Multivariate analysis of variance, principal component analysis, canonical correlation, factor analysis. Prerequisites: STAT 6201, STAT 6202 and STAT 8265.

STAT 8271. Foundational and Philosophical Issues in Statistics. 3 Credits.

Axiomatic underpinnings of Bayesian statistics, including subjective probability, belief, utility, decision and games, likelihood principle, and stopping rules. Examples from legal, forensic, biological, and engineering sciences.
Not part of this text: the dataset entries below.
(* Let $k\ge 2$, let $H$ be a finite $k$-uniform hypergraph and let $G$ be the 2-section of $H$. For every nonnegative integer $t$, the graph ${\rm ILT}'_t(G)$ is the 2-section of ${\rm ILTH}_t(H)$.
   Context: The 2-section of a hypergraph is the graph on the same vertex set in which two distinct vertices are adjacent iff some hyperedge contains both. ${\rm ILTH}_t(H)$ is defined by ${\rm ILTH}_0(H)=H$ and: given $H_t={\rm ILTH}_t(H)$, for each vertex $x$ add a new vertex $x'$ (its clone), and let the hyperedges of $H_{t+1}$ be those of $H_t$ together with all $e-x+x'=(e\setminus\{x\})\cup\{x'\}$ for $e\in E(H_t)$, $x\in e$. The graph process ${\rm ILT}'$: ${\rm ILT}'_0(G)=G$; given ${\rm ILT}'_t(G)$, the graph ${\rm ILT}'_{t+1}(G)$ has vertex set consisting of every vertex $v$ of ${\rm ILT}'_t(G)$ together with a new vertex $v'$ for each such $v$, and edge set consisting of $uv$, $uv'$ and $u'v$ for every edge $uv$ of ${\rm ILT}'_t(G)$ (and no other edges). *)

theory Defs
  imports Main
begin

definition k_uniform :: "nat \<Rightarrow> 'v set \<Rightarrow> 'v set set \<Rightarrow> bool" where
  "k_uniform k V E \<longleftrightarrow> (\<forall>e\<in>E. e \<subseteq> V \<and> card e = k)"

definition two_section :: "'v set \<times> 'v set set \<Rightarrow> 'v set \<times> ('v \<times> 'v) set" where
  "two_section H = (fst H, {(u, v). u \<noteq> v \<and> (\<exists>e\<in>snd H. u \<in> e \<and> v \<in> e)})"

(* Vertex naming: an original vertex a is (a,0); at step t the clone of (a,n) is
   (a, n + 2^t).  Since all vertices present at step t have second component < 2^t,
   clones are fresh and distinct. *)
definition clone :: "nat \<Rightarrow> 'a \<times> nat \<Rightarrow> 'a \<times> nat" where
  "clone t x = (fst x, snd x + 2 ^ t)"

definition emb :: "'a \<Rightarrow> 'a \<times> nat" where
  "emb a = (a, 0)"

fun ILTH :: "nat \<Rightarrow> 'a set \<times> 'a set set \<Rightarrow> ('a \<times> nat) set \<times> ('a \<times> nat) set set" where
  "ILTH 0 H = (emb ` fst H, (\<lambda>e. emb ` e) ` snd H)"
| "ILTH (Suc t) H =
     (let V = fst (ILTH t H); E = snd (ILTH t H) in
      (V \<union> clone t ` V,
       E \<union> {(e - {x}) \<union> {clone t x} | e x. e \<in> E \<and> x \<in> e}))"

fun ILT' :: "nat \<Rightarrow> 'a set \<times> ('a \<times> 'a) set \<Rightarrow> ('a \<times> nat) set \<times> (('a \<times> nat) \<times> ('a \<times> nat)) set" where
  "ILT' 0 G = (emb ` fst G, (\<lambda>(u, v). (emb u, emb v)) ` snd G)"
| "ILT' (Suc t) G =
     (let V = fst (ILT' t G); R = snd (ILT' t G) in
      (V \<union> clone t ` V,
       R \<union> {(u, clone t v) | u v. (u, v) \<in> R} \<union> {(clone t u, v) | u v. (u, v) \<in> R}))"

end

theory Submission
  imports Defs
begin

text \<open>One cloning step turns a hyperedge e containing x into e - x + x', whose pairs are those of
  e - x together with the pairs {y, x'} for y \<in> e - {x}; in the 2-section these are exactly the
  edges y x' and x' y added by one ILT' step for the edge x y.  The only thing to check is that
  no new loop appears, which holds because clones are fresh vertices.\<close>

definition clone_hyperedges :: "('v \<Rightarrow> 'v) \<Rightarrow> 'v set set \<Rightarrow> 'v set set" where
  "clone_hyperedges c E = E \<union> {(e - {x}) \<union> {c x} | e x. e \<in> E \<and> x \<in> e}"

definition clone_edges :: "('v \<Rightarrow> 'v) \<Rightarrow> ('v \<times> 'v) set \<Rightarrow> ('v \<times> 'v) set" where
  "clone_edges c R = R \<union> {(u, c v) | u v. (u, v) \<in> R} \<union> {(c u, v) | u v. (u, v) \<in> R}"

lemma mem_clone_hyperedges:
  "e' \<in> clone_hyperedges c E \<longleftrightarrow> e' \<in> E \<or> (\<exists>e\<in>E. \<exists>x\<in>e. e' = (e - {x}) \<union> {c x})"
  by (auto simp: clone_hyperedges_def)

lemma clone_hyperedgesI: "e \<in> E \<Longrightarrow> x \<in> e \<Longrightarrow> (e - {x}) \<union> {c x} \<in> clone_hyperedges c E"
  unfolding clone_hyperedges_def by blast

lemma mem_clone_edges:
  "(a, b) \<in> clone_edges c R \<longleftrightarrow>
     (a, b) \<in> R \<or> (\<exists>v. b = c v \<and> (a, v) \<in> R) \<or> (\<exists>u. a = c u \<and> (u, b) \<in> R)"
  by (auto simp: clone_edges_def)

lemma mem_two_section_edges:
  "(u, v) \<in> snd (two_section H) \<longleftrightarrow> u \<noteq> v \<and> (\<exists>e\<in>snd H. u \<in> e \<and> v \<in> e)"
  by (simp add: two_section_def)

lemma ILTH_Suc_eq:
  "ILTH (Suc t) H =
     (fst (ILTH t H) \<union> clone t ` fst (ILTH t H), clone_hyperedges (clone t) (snd (ILTH t H)))"
  by (simp add: Let_def clone_hyperedges_def)

lemma ILT'_Suc_eq:
  "ILT' (Suc t) G =
     (fst (ILT' t G) \<union> clone t ` fst (ILT' t G), clone_edges (clone t) (snd (ILT' t G)))"
  by (simp add: Let_def clone_edges_def)

lemma clone_hyperedges_subset:
  assumes "\<And>e. e \<in> E \<Longrightarrow> e \<subseteq> V" and "e \<in> clone_hyperedges c E"
  shows "e \<subseteq> V \<union> c ` V"
  using assms by (auto simp: clone_hyperedges_def)

lemma ILTH_edge_subset:
  assumes "\<And>e. e \<in> E \<Longrightarrow> e \<subseteq> V"
  shows "e \<in> snd (ILTH t (V, E)) \<Longrightarrow> e \<subseteq> fst (ILTH t (V, E))"
proof (induction t arbitrary: e)
  case 0
  then show ?case using assms by auto
next
  case (Suc t)
  with clone_hyperedges_subset[OF Suc.IH] show ?case
    unfolding ILTH_Suc_eq by simp
qed

lemma ILTH_vertex_bound: "v \<in> fst (ILTH t H) \<Longrightarrow> snd v < 2 ^ t"
proof (induction t arbitrary: v)
  case 0
  then show ?case by (auto simp: emb_def)
next
  case (Suc t)
  then consider "v \<in> fst (ILTH t H)" | w where "w \<in> fst (ILTH t H)" "v = clone t w"
    unfolding ILTH_Suc_eq by auto
  then show ?case
  proof cases
    case 1
    then show ?thesis using Suc.IH[of v] by simp
  next
    case 2
    then show ?thesis using Suc.IH[of w] by (simp add: clone_def)
  qed
qed

lemma clone_fresh: "v \<in> fst (ILTH t H) \<Longrightarrow> clone t v \<notin> fst (ILTH t H)"
  using ILTH_vertex_bound[of "clone t v" t H] by (auto simp: clone_def)

lemma ILT'_vertices: "fst (ILT' t G) = fst (ILTH t H)" if "fst G = fst H"
  using that
  by (induction t) (simp_all only: ILTH_Suc_eq ILT'_Suc_eq fst_conv ILTH.simps(1) ILT'.simps(1))

lemma two_section_image:
  assumes "inj f"
  shows "two_section (f ` V, (\<lambda>e. f ` e) ` E) =
           (f ` V, (\<lambda>(u, v). (f u, f v)) ` snd (two_section (V, E)))"
  using assms by (fastforce simp: two_section_def inj_eq)

lemma clone_edges_two_section_subset:
  assumes "\<And>e. e \<in> E \<Longrightarrow> e \<subseteq> V" and "\<And>v. v \<in> V \<Longrightarrow> c v \<notin> V"
  shows "clone_edges c (snd (two_section (V, E))) \<subseteq> snd (two_section (W, clone_hyperedges c E))"
proof (rule subrelI)
  have no_loop: "c v \<noteq> u" if "u \<in> e" "v \<in> e" "e \<in> E" for u v e
    using that assms by blast
  fix a b
  assume "(a, b) \<in> clone_edges c (snd (two_section (V, E)))"
  then consider "(a, b) \<in> snd (two_section (V, E))"
    | e v where "b = c v" "e \<in> E" "a \<in> e" "v \<in> e" "a \<noteq> v"
    | e u where "a = c u" "e \<in> E" "u \<in> e" "b \<in> e" "u \<noteq> b"
    by (auto simp: mem_clone_edges mem_two_section_edges)
  then show "(a, b) \<in> snd (two_section (W, clone_hyperedges c E))"
  proof cases
    case 1
    moreover have "E \<subseteq> clone_hyperedges c E"
      by (auto simp: clone_hyperedges_def)
    ultimately show ?thesis
      by (auto simp: mem_two_section_edges)
  next
    case (2 e v)
    from 2(2,4) have "(e - {v}) \<union> {c v} \<in> clone_hyperedges c E"
      by (rule clone_hyperedgesI)
    moreover have "a \<noteq> b" "a \<in> (e - {v}) \<union> {c v}" "b \<in> (e - {v}) \<union> {c v}"
      using 2 no_loop[of a e v] by auto
    ultimately show ?thesis
      unfolding mem_two_section_edges snd_conv by (intro conjI bexI)
  next
    case (3 e u)
    from 3(2,3) have "(e - {u}) \<union> {c u} \<in> clone_hyperedges c E"
      by (rule clone_hyperedgesI)
    moreover have "a \<noteq> b" "a \<in> (e - {u}) \<union> {c u}" "b \<in> (e - {u}) \<union> {c u}"
      using 3 no_loop[of b e u] by auto
    ultimately show ?thesis
      unfolding mem_two_section_edges snd_conv by (intro conjI bexI)
  qed
qed

lemma two_section_clone_hyperedges_subset:
  "snd (two_section (W, clone_hyperedges c E)) \<subseteq> clone_edges c (snd (two_section (V, E)))"
proof (rule subrelI)
  fix a b
  assume "(a, b) \<in> snd (two_section (W, clone_hyperedges c E))"
  then obtain e' where "a \<noteq> b" "e' \<in> clone_hyperedges c E" "a \<in> e'" "b \<in> e'"
    by (auto simp: mem_two_section_edges)
  then consider "e' \<in> E" | e x where "e \<in> E" "x \<in> e" "e' = (e - {x}) \<union> {c x}"
    by (auto simp: mem_clone_hyperedges)
  then show "(a, b) \<in> clone_edges c (snd (two_section (V, E)))"
  proof cases
    case 1
    with \<open>a \<noteq> b\<close> \<open>a \<in> e'\<close> \<open>b \<in> e'\<close> show ?thesis
      by (auto simp: mem_clone_edges mem_two_section_edges)
  next
    case (2 e x)
    then consider "a = c x" "b \<in> e" "b \<noteq> x" | "b = c x" "a \<in> e" "a \<noteq> x" | "a \<in> e" "b \<in> e"
      using \<open>a \<noteq> b\<close> \<open>a \<in> e'\<close> \<open>b \<in> e'\<close> by auto
    then show ?thesis
      using \<open>a \<noteq> b\<close> \<open>e \<in> E\<close> \<open>x \<in> e\<close>
      by cases (auto simp: mem_clone_edges mem_two_section_edges)
  qed
qed

lemma two_section_clone_hyperedges:
  assumes "\<And>e. e \<in> E \<Longrightarrow> e \<subseteq> V" and "\<And>v. v \<in> V \<Longrightarrow> c v \<notin> V"
  shows "two_section (W, clone_hyperedges c E) = (W, clone_edges c (snd (two_section (V, E))))"
proof -
  have "snd (two_section (W, clone_hyperedges c E)) = clone_edges c (snd (two_section (V, E)))"
    using clone_edges_two_section_subset[OF assms] two_section_clone_hyperedges_subset
    by (rule equalityI[rotated])
  then show ?thesis
    by (simp add: two_section_def)
qed

theorem lemma2p2:
  fixes V :: "'a set" and E :: "'a set set" and k t :: nat
  assumes "k \<ge> 2" and "finite V" and "k_uniform k V E"
  shows "ILT' t (two_section (V, E)) = two_section (ILTH t (V, E))"
proof (induction t)
  case 0
  have "inj (emb :: 'a \<Rightarrow> 'a \<times> nat)"
    by (simp add: inj_def emb_def)
  then show ?case
    by (simp add: two_section_image) (simp add: two_section_def)
next
  case (Suc t)
  obtain Vt Et where ILTH_t: "ILTH t (V, E) = (Vt, Et)"
    by fastforce
  have "\<And>e. e \<in> E \<Longrightarrow> e \<subseteq> V"
    using assms(3) by (simp add: k_uniform_def)
  then have "\<And>e. e \<in> Et \<Longrightarrow> e \<subseteq> Vt"
    using ILTH_edge_subset[of E V _ t] by (simp add: ILTH_t)
  moreover have "\<And>v. v \<in> Vt \<Longrightarrow> clone t v \<notin> Vt"
    using clone_fresh[of _ t "(V, E)"] by (simp add: ILTH_t)
  ultimately have "two_section (ILTH (Suc t) (V, E)) =
      (Vt \<union> clone t ` Vt, clone_edges (clone t) (snd (two_section (Vt, Et))))"
    unfolding ILTH_Suc_eq ILTH_t fst_conv snd_conv by (rule two_section_clone_hyperedges)
  moreover have "ILT' t (two_section (V, E)) = two_section (Vt, Et)"
    using Suc ILTH_t by simp
  ultimately show ?case
    unfolding ILT'_Suc_eq by (simp add: two_section_def)
qed

end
Students are expected to have a background in computer science, economics, mathematics, or operations research. Prerequisites: STAT 6201 and STAT 6202.

STAT 8273. Stochastic Processes I. 3 Credits.

Fundamental notions of Markov chains and processes, generating functions, recurrence, limit theorems, random walks, Poisson processes, birth and death processes, applications. Prerequisites: STAT 6201 and STAT 6202.

STAT 8274. Stochastic Processes II. 3 Credits.

Continuation of STAT 8273. Fundamental notions of Markov chains and processes, generating functions, recurrence, limit theorems, random walks, Poisson processes, birth and death processes, applications. Prerequisites: STAT 6201 and STAT 6202.

STAT 8281. Advanced Time Series Analysis. 3 Credits.

Autoregressive integrated moving average (ARIMA) modeling and forecasting of univariate and multivariate time series. Statespace or Kalman filter models, spectral analysis of multiple time series. Theory and applications using the University computer. Prerequisites: MATH 2233, STAT 6201 and STAT 6202.

STAT 8288. Topics in Sample Surveys. 3 Credits.

Advanced topics and research in sample surveys. Prerequisite: STAT 6287.

STAT 8289. Seminar. 3 Credits.

Admission by permission of instructor. May be repeated for credit provided the content differs.

STAT 8375. Econometrics I. 3 Credits.

Statistical foundations for econometrics; standard methods of estimation and inference for classical and generalized regression models. Same as ECON 8375.

STAT 8376. Econometrics II. 3 Credits.

Topics may include asymptotic theory, statistical endogeneity, instrumental variables estimation, discrete and limited dependent variable models, and time–series models. Same as ECON 8376. Prerequisite: STAT 8375.